## Assigned task
Only a number is wanted here: how many lines in the entries below contain the word "longleftrightarrow".

(Saved data entries)
(* The $3$-uniform hypergraphs $O_R$ and $O_B$ are both opaque; i.e., the spectral ranking of $O_R$ differs from that of $\partial^*O_R$, and the spectral ranking of $O_B$ differs from that of $\partial^*O_B$. (Here $\partial^*O_R=\partial^*O_B$; in this multigraph the principal eigenvector takes equal values at $t$ and $b$, while the principal eigenvector $y$ of $O_R$ satisfies $y_t>y_b$.)
   Context: $O_R$ is the $3$-uniform hypergraph on vertex set $\{t,b,p,q,r,s,u\}$ with edges $\{t,p,q\},\{t,r,s\},\{b,q,r\},\{b,p,s\},\{u,p,q\}$; $O_B$ is the $3$-uniform hypergraph on the same vertex set with edges $\{t,p,r\},\{t,p,s\},\{b,p,q\},\{b,r,s\},\{u,p,q\}$. For a connected $k$-uniform hypergraph $H=([n],E)$, writing $x^e=\prod_{v\in e}x_v$, its principal eigenvector is the unique strictly positive $y$ with $\|y\|_k=1$ and $\rho\, y_i^{k-1}=\sum_{e\ni i}y^{e\setminus\{i\}}$ for all $i$, where $\rho=\max_{\|z\|_k^k=1}k\sum_{e\in E}z^e$. The clique-shadow $\partial^*H$ is the multigraph on the same vertices in which $\{u,v\}$ has multiplicity $\mu(uv)=|\{e\in E:u,v\in e\}|$; its principal eigenvector is the positive Perron eigenvector of its adjacency matrix (entries $\mu(uv)$), normalized to unit $2$-norm. The spectral ranking of a (hyper)graph is the ordering of its vertices by decreasing value of the principal eigenvector, tied vertices sharing a rank. A hypergraph is opaque if its spectral ranking differs from that of its clique-shadow. *)

theory Defs
  imports Main Complex_Main
begin

datatype vtx = T | B | P | Q | R | S | U

lemma UNIV_vtx: "(UNIV :: vtx set) = {T, B, P, Q, R, S, U}"
  by (auto intro: vtx.exhaust)

instance vtx :: finite
  by standard (simp add: UNIV_vtx)

definition O_R :: "vtx set set" where
  "O_R = {{T,P,Q}, {T,R,S}, {B,Q,R}, {B,P,S}, {U,P,Q}}"

definition O_B :: "vtx set set" where
  "O_B = {{T,P,R}, {T,P,S}, {B,P,Q}, {B,R,S}, {U,P,Q}}"

definition hyp_rho :: "nat \<Rightarrow> ('a::finite) set set \<Rightarrow> real" where
  "hyp_rho k E = Sup {real k * (\<Sum>e\<in>E. \<Prod>v\<in>e. z v) | z :: 'a \<Rightarrow> real.
                        (\<Sum>i\<in>UNIV. \<bar>z i\<bar> ^ k) = 1}"

definition hyp_evec :: "nat \<Rightarrow> ('a::finite) set set \<Rightarrow> ('a \<Rightarrow> real)" where
  "hyp_evec k E = (THE y. (\<forall>i. y i > 0) \<and> (\<Sum>i\<in>UNIV. \<bar>y i\<bar> ^ k) = 1 \<and>
      (\<forall>i. hyp_rho k E * y i ^ (k - 1) = (\<Sum>e\<in>{e\<in>E. i \<in> e}. \<Prod>v\<in>e - {i}. y v)))"

definition shadow_adj :: "('a::finite) set set \<Rightarrow> 'a \<Rightarrow> 'a \<Rightarrow> real" where
  "shadow_adj E x y = (if x = y then 0 else real (card {e\<in>E. x \<in> e \<and> y \<in> e}))"

definition is_eigenpair :: "(('a::finite) \<Rightarrow> 'a \<Rightarrow> real) \<Rightarrow> real \<Rightarrow> ('a \<Rightarrow> real) \<Rightarrow> bool" where
  "is_eigenpair A lam x \<longleftrightarrow> x \<noteq> (\<lambda>_. 0) \<and> (\<forall>i. (\<Sum>j\<in>UNIV. A i j * x j) = lam * x i)"

definition perron_root :: "(('a::finite) \<Rightarrow> 'a \<Rightarrow> real) \<Rightarrow> real" where
  "perron_root A = (GREATEST lam. \<exists>x. is_eigenpair A lam x)"

definition shadow_evec :: "('a::finite) set set \<Rightarrow> ('a \<Rightarrow> real)" where
  "shadow_evec E = (THE x. (\<forall>i. x i > 0) \<and> (\<Sum>i\<in>UNIV. x i ^ 2) = 1 \<and>
      is_eigenpair (shadow_adj E) (perron_root (shadow_adj E)) x)"

text \<open>The spectral ranking (ordering by decreasing value, ties sharing a rank) is determined by,
  and determines, the weak order "i is ranked at least as high as j".\<close>
definition spectral_ranking :: "('a \<Rightarrow> real) \<Rightarrow> ('a \<times> 'a) set" where
  "spectral_ranking y = {(i, j). y j \<le> y i}"

definition opaque :: "nat \<Rightarrow> ('a::finite) set set \<Rightarrow> bool" where
  "opaque k E \<longleftrightarrow> spectral_ranking (hyp_evec k E) \<noteq> spectral_ranking (shadow_evec E)"

end

theory Submission
  imports Defs "HOL-Analysis.Analysis"
begin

## Exercise solution
2